The project can export a graph to DOT format, which can be converted into an image using Graphviz.
First, run the solver:
./color3
If DOT export is enabled in main.cpp, this creates:
colored_success.dot or colored_failure.dot
Convert it to a PNG:
dot -Tpng colored_success.dot -o colored_success.png
or
dot -Tpng colored_failure.dot -o colored_failure.png
Open the image:
open output.png
Color meaning:
red = vertex colored RED
blue = vertex colored BLUE
yellow = vertex colored YELLOW
gray = uncolored vertex
If the solver succeeds, the visualization should show no gray vertices and no adjacent vertices with the same color.
At a high level, the algorithm functions like this:
1. Reset all vertices to UNCOLORED.
2. Initialize the Matrix Sorting Machine.
3. While uncolored vertices remain:
a. If a trapped vertex exists, select it.
b. Otherwise, select the next vertex from the Sorting Machine.
c. Choose the first available color using RED -> BLUE -> YELLOW priority.
d. If no color is available, return failure.
e. Color the vertex.
f. Update each uncolored neighbor:
- Mark the chosen color as forbidden.
- If the neighbor has no colors left, return failure.
- If the neighbor has only one color left, mark it as trapped.
- Increase its colored-neighbor count and reposition it in the Sorting Machine.
4. Verify that the final coloring is valid.
This project is still experimental. Current limitations:
- The algorithm is greedy and doesn't backtrack to prevent exponential runtime
- Failure does not prove that the graph is not 3-colorable.
- The RED -> BLUE -> YELLOW color priority may cause avoidable dead ends.
- The success rate drops on larger or denser random graphs (This does not mean the graph is not 3-colorable).
- The benchmark uses random graphs, so results may vary between runs.
The most important decision is that the algorithm cannot reverse decisions.
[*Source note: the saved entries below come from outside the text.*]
(* Let $K\ge 2$ be an even integer, let $M\ge K/2$ be an integer, and let $\tau>0$ and $p_{\max}>0$. Let $\beta_1,\ldots,\beta_K>0$ satisfy $\beta_j>\beta_i$ for all $j\in\mathcal{K}_c=\{1,\ldots,K/2\}$ and all $i\in\mathcal{K}_e=\{K/2+1,\ldots,K\}$. Set $\bar M=M+1-K/2$. For a power vector $\mathbf{p}=(p_1,\ldots,p_K)^T$ with $p_k\ge 0$ define $$R_k(\mathbf{p})=\tau\log_2\!\left(1+p_k\beta_k\bar M\right)\ \text{for } k\in\mathcal{K}_c,\qquad R_k(\mathbf{p})=\tau\log_2\!\left(1+\frac{p_k\beta_k}{p_{k-K/2}\beta_k+1}\right)\ \text{for } k\in\mathcal{K}_e.$$ Consider the problem of maximizing $\sum_{k=1}^K R_k(\mathbf{p})$ over $\mathbf{p}\succeq 0$ subject to $\sum_{k=1}^K p_k\le p_{\max}$. Then a feasible $\mathbf{p}$ is a maximizer only if $p_k=0$ for all $k\in\mathcal{K}_e$, and the maximum is attained by a power vector with $p_k=0$ for all $k\in\mathcal{K}_e$; i.e., the sum rate is maximized if and only if $p_k=0$ for all $k\in\mathcal{K}_e$ (together with an optimal allocation among the cell-center users).
   Context: This models downlink power-domain NOMA with perfect CSI from an $M$-antenna base station to $K$ single-antenna users, split into $K/2$ cell-center users (indices $\mathcal{K}_c$) and $K/2$ cell-edge users (indices $\mathcal{K}_e$); users $k$ and $k+K/2$ form a group sharing a zero-forcing beam. $\beta_k$ is the large-scale fading coefficient of user $k$, $p_k$ its normalized transmit power, $\tau$ the fraction of the coherence interval used for data. The rate expressions above are the (perfect-CSI) rates assigned to cell-center users (after successive interference cancellation) and cell-edge users (treating the in-group cell-center signal as noise). *)

theory Defs
  imports Complex_Main
begin

text \<open>Users are indexed 1..K; cell-center users 1..K/2, cell-edge users K/2+1..K.
  Power vectors are functions nat => real; only indices 1..K matter.\<close>

definition center_users :: "nat \<Rightarrow> nat set" where
  "center_users K = {1..K div 2}"

definition edge_users :: "nat \<Rightarrow> nat set" where
  "edge_users K = {K div 2 + 1..K}"

definition Mbar :: "nat \<Rightarrow> nat \<Rightarrow> real" where
  "Mbar K M = real M + 1 - real K / 2"

definition rate :: "nat \<Rightarrow> nat \<Rightarrow> real \<Rightarrow> (nat \<Rightarrow> real) \<Rightarrow> (nat \<Rightarrow> real) \<Rightarrow> nat \<Rightarrow> real" where
  "rate K M tau beta p k =
     (if k \<in> center_users K then tau * log 2 (1 + p k * beta k * Mbar K M)
      else tau * log 2 (1 + p k * beta k / (p (k - K div 2) * beta k + 1)))"

definition sum_rate :: "nat \<Rightarrow> nat \<Rightarrow> real \<Rightarrow> (nat \<Rightarrow> real) \<Rightarrow> (nat \<Rightarrow> real) \<Rightarrow> real" where
  "sum_rate K M tau beta p = (\<Sum>k=1..K. rate K M tau beta p k)"

definition feasible :: "nat \<Rightarrow> real \<Rightarrow> (nat \<Rightarrow> real) \<Rightarrow> bool" where
  "feasible K pmax p \<longleftrightarrow> (\<forall>k\<in>{1..K}. 0 \<le> p k) \<and> (\<Sum>k=1..K. p k) \<le> pmax"

definition is_maximizer :: "nat \<Rightarrow> nat \<Rightarrow> real \<Rightarrow> real \<Rightarrow> (nat \<Rightarrow> real) \<Rightarrow> (nat \<Rightarrow> real) \<Rightarrow> bool" where
  "is_maximizer K M tau pmax beta p \<longleftrightarrow> feasible K pmax p \<and>
     (\<forall>q. feasible K pmax q \<longrightarrow> sum_rate K M tau beta q \<le> sum_rate K M tau beta p)"

end

(*
  Within the group of users j and j + K/2, write x, y for their powers,
  a = beta j * Mbar and b = beta (j + K/2), so that a > b > 0.  The pair's rate is
  tau * log2 of (1 + x a) (1 + y b / (x b + 1)), which falls short of the factor
  1 + (x + y) a obtained by handing all of the pair's power to the cell-center user
  by exactly y (a - b) / (x b + 1).  Merging the powers keeps the total power, so a
  maximizer cannot leave positive power on any cell-edge user.  A maximizer exists
  because the sum rate is continuous on the compact set of feasible power vectors
  supported on the users 1..K.
*)

theory Submission
  imports Defs "HOL-Analysis.Function_Topology"
begin

lemma merge_factor_gap:
  fixes a b x y :: real
  assumes "x * b + 1 \<noteq> 0"
  shows "1 + (x + y) * a - (1 + x * a) * (1 + y * b / (x * b + 1)) = y * (a - b) / (x * b + 1)"
  using assms by (simp add: field_simps)

lemma log_merge_le:
  fixes a b x y c :: real
  assumes "1 < c" and "0 < b" and "b \<le> a" and "0 \<le> x" and "0 \<le> y"
  shows "log c (1 + x * a) + log c (1 + y * b / (x * b + 1)) \<le> log c (1 + (x + y) * a)"
proof -
  have pos1: "0 < 1 + x * a" and pos2: "0 < 1 + y * b / (x * b + 1)"
    using assms by (auto intro: add_pos_nonneg)
  have "0 \<le> y * (a - b) / (x * b + 1)"
    using assms by (simp add: add_nonneg_pos)
  then have "(1 + x * a) * (1 + y * b / (x * b + 1)) \<le> 1 + (x + y) * a"
    using merge_factor_gap[of x b y a] assms by (smt (verit) mult_nonneg_nonneg)
  then have "log c ((1 + x * a) * (1 + y * b / (x * b + 1))) \<le> log c (1 + (x + y) * a)"
    using assms(1) pos1 pos2 by (intro log_mono) simp_all
  then show ?thesis
    using pos1 pos2 by (simp add: log_mult)
qed

lemma log_merge_less:
  fixes a b x y c :: real
  assumes "1 < c" and "0 < b" and "b < a" and "0 \<le> x" and "0 < y"
  shows "log c (1 + x * a) + log c (1 + y * b / (x * b + 1)) < log c (1 + (x + y) * a)"
proof -
  have pos1: "0 < 1 + x * a" and pos2: "0 < 1 + y * b / (x * b + 1)"
    using assms by (auto intro: add_pos_nonneg)
  have "0 < y * (a - b) / (x * b + 1)"
    using assms by (simp add: add_nonneg_pos)
  then have "(1 + x * a) * (1 + y * b / (x * b + 1)) < 1 + (x + y) * a"
    using merge_factor_gap[of x b y a] assms by (smt (verit) mult_nonneg_nonneg)
  then have "log c ((1 + x * a) * (1 + y * b / (x * b + 1))) < log c (1 + (x + y) * a)"
    using assms(1) pos1 pos2 by (intro log_less) simp_all
  then show ?thesis
    using pos1 pos2 by (simp add: log_mult)
qed

lemma sum_double_interval_pairs:
  fixes f :: "nat \<Rightarrow> 'a::comm_monoid_add"
  shows "(\<Sum>k=1..2*h. f k) = (\<Sum>j=1..h. f j + f (j + h))"
proof -
  have "{1..2*h} = {1..h} \<union> {h+1..h+h}" by auto
  then have "(\<Sum>k=1..2*h. f k) = (\<Sum>k=1..h. f k) + (\<Sum>k=1+h..h+h. f k)"
    by (simp add: sum.union_disjoint ivl_disj_int add.commute)
  also have "(\<Sum>k=1+h..h+h. f k) = (\<Sum>j=1..h. f (j + h))"
    by (rule sum.shift_bounds_cl_nat_ivl)
  finally show ?thesis by (simp add: sum.distrib)
qed

lemma compact_supported_simplex:
  fixes I :: "'a set" and c :: real
  assumes "finite I"
  shows "compact {p. (\<forall>k\<in>I. 0 \<le> p k) \<and> (\<forall>k. k \<notin> I \<longrightarrow> p k = 0) \<and> sum p I \<le> c}"
    (is "compact ?S")
proof -
  define B where "B = PiE UNIV (\<lambda>k. if k \<in> I then {0..c} else {0})"
  have "compactin (product_topology (\<lambda>_. euclidean) UNIV) B"
    unfolding B_def by (subst compactin_PiE) auto
  then have "compact B"
    by (simp add: euclidean_product_topology)
  moreover have "closed {p. sum p I \<le> c}"
    by (intro closed_Collect_le continuous_on_sum continuous_on_const) simp
  moreover have "?S = B \<inter> {p. sum p I \<le> c}"
  proof -
    have "p k \<le> c" if "p \<in> ?S" "k \<in> I" for p k
      using that assms member_le_sum[of k I p] by auto
    then show ?thesis
      unfolding B_def by (auto simp: PiE_iff split: if_splits)
  qed
  ultimately show ?thesis
    by (simp add: compact_Int_closed)
qed

definition merge_edge_power :: "nat \<Rightarrow> (nat \<Rightarrow> real) \<Rightarrow> nat \<Rightarrow> real" where
  "merge_edge_power K p k = (if k \<in> center_users K then p k + p (k + K div 2) else 0)"

lemma rate_center:
  "k \<in> center_users K \<Longrightarrow> rate K M tau beta p k = tau * log 2 (1 + p k * beta k * Mbar K M)"
  by (simp add: rate_def)

lemma rate_edge_partner:
  assumes "j \<in> center_users K"
  shows "rate K M tau beta p (j + K div 2)
    = tau * log 2 (1 + p (j + K div 2) * beta (j + K div 2) / (p j * beta (j + K div 2) + 1))"
  using assms by (simp add: rate_def center_users_def)

lemma rate_cong:
  assumes "\<forall>i\<in>{1..K}. p i = q i" and "k \<in> {1..K}"
  shows "rate K M tau beta p k = rate K M tau beta q k"
proof -
  have "k - K div 2 \<in> {1..K}" if "k \<notin> center_users K"
    using that assms(2) by (auto simp: center_users_def)
  then show ?thesis
    using assms by (simp add: rate_def)
qed

lemma sum_rate_cong:
  "\<forall>i\<in>{1..K}. p i = q i \<Longrightarrow> sum_rate K M tau beta p = sum_rate K M tau beta q"
  unfolding sum_rate_def by (intro sum.cong refl rate_cong)

locale noma_downlink =
  fixes K M :: nat and tau :: real and beta :: "nat \<Rightarrow> real"
  assumes even_K: "even K"
    and M_ge: "K div 2 \<le> M"
    and tau_pos: "tau > 0"
    and beta_pos: "\<forall>k\<in>{1..K}. beta k > 0"
    and beta_center_gt_edge: "\<forall>j\<in>center_users K. \<forall>i\<in>edge_users K. beta j > beta i"
begin

lemma K_eq_double_half: "K = 2 * (K div 2)"
  using even_K by simp

lemma one_le_Mbar: "1 \<le> Mbar K M"
  using M_ge even_K by (auto simp: Mbar_def elim!: evenE)

lemma edge_users_eq: "edge_users K = (\<lambda>j. j + K div 2) ` center_users K"
  unfolding edge_users_def center_users_def
  by (subst K_eq_double_half) (auto simp: image_iff intro!: bexI[of _ "_ - K div 2"])

lemma sum_rate_pairs:
  "sum_rate K M tau beta p
    = (\<Sum>j\<in>center_users K. rate K M tau beta p j + rate K M tau beta p (j + K div 2))"
  unfolding sum_rate_def center_users_def
  by (subst K_eq_double_half) (rule sum_double_interval_pairs)

lemma continuous_on_rate:
  assumes "k \<in> {1..K}"
  shows "continuous_on {p. \<forall>i\<in>{1..K}. 0 \<le> p i} (\<lambda>p. rate K M tau beta p k)"
proof -
  let ?P = "{p::nat \<Rightarrow> real. \<forall>i\<in>{1..K}. 0 \<le> p i}"
  have coord: "continuous_on ?P (\<lambda>p. p i)" for i
    by (rule continuous_on_subset[OF continuous_on_product_coordinates]) simp
  have bk: "beta k > 0" and pk: "\<forall>p\<in>?P. 0 \<le> p k"
    using assms beta_pos by auto
  show ?thesis
  proof (cases "k \<in> center_users K")
    case True
    have pos: "\<forall>p\<in>?P. 0 < 1 + p k * beta k * Mbar K M"
      using pk bk one_le_Mbar by (smt (verit) mult_nonneg_nonneg)
    have "continuous_on ?P (\<lambda>p. tau * log 2 (1 + p k * beta k * Mbar K M))"
      by (intro continuous_intros coord) (use pos in auto)
    then show ?thesis
      using True by (simp add: rate_def)
  next
    case False
    then have "k - K div 2 \<in> {1..K}"
      using assms by (auto simp: center_users_def)
    then have "\<forall>p\<in>?P. 0 \<le> p (k - K div 2)"
      by blast
    then have den: "\<forall>p\<in>?P. 0 < p (k - K div 2) * beta k + 1"
      and pos: "\<forall>p\<in>?P. 0 < 1 + p k * beta k / (p (k - K div 2) * beta k + 1)"
      using pk bk by (smt (verit) mult_nonneg_nonneg divide_nonneg_pos)+
    have "continuous_on ?P (\<lambda>p. tau * log 2 (1 + p k * beta k / (p (k - K div 2) * beta k + 1)))"
      by (intro continuous_intros coord) (use pos den in force)+
    then show ?thesis
      using False by (simp add: rate_def)
  qed
qed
Once it colors a vertex, it does not revisit it.
Possible next steps:
1. Save failed graphs automatically for later analysis.
2. Compare the Matrix Sorting Machine heuristic against known heuristics like DSATUR.
3. Experiment with different color priority rules.
4. Add a repair step after a contradiction is found.
5. Find graph structures that cause this heuristic to fail.
6. Improve visualizations to show the coloring process step by step
The most important future step is counterexample searching; when the greedy algorithm fails, saving that graph and determining whether it is truly 3-colorable or not can tell me what other flaws this algorithm has.
This project should be understood as an exploratory algorithmic prototype.
It does not claim to solve graph 3-coloring in polynomial time. Instead, it is meant to highlight the effects of this heuristic on certain graph families to reveal useful patterns for future algorithms.
This distinction is central for me right now, but this project is only the beginning!
Dialo Sall
Computer Science and Engineering student at The Ohio State University.
This project is part of my broader interest in algorithms, computational complexity, graph theory, and the P vs NP problem.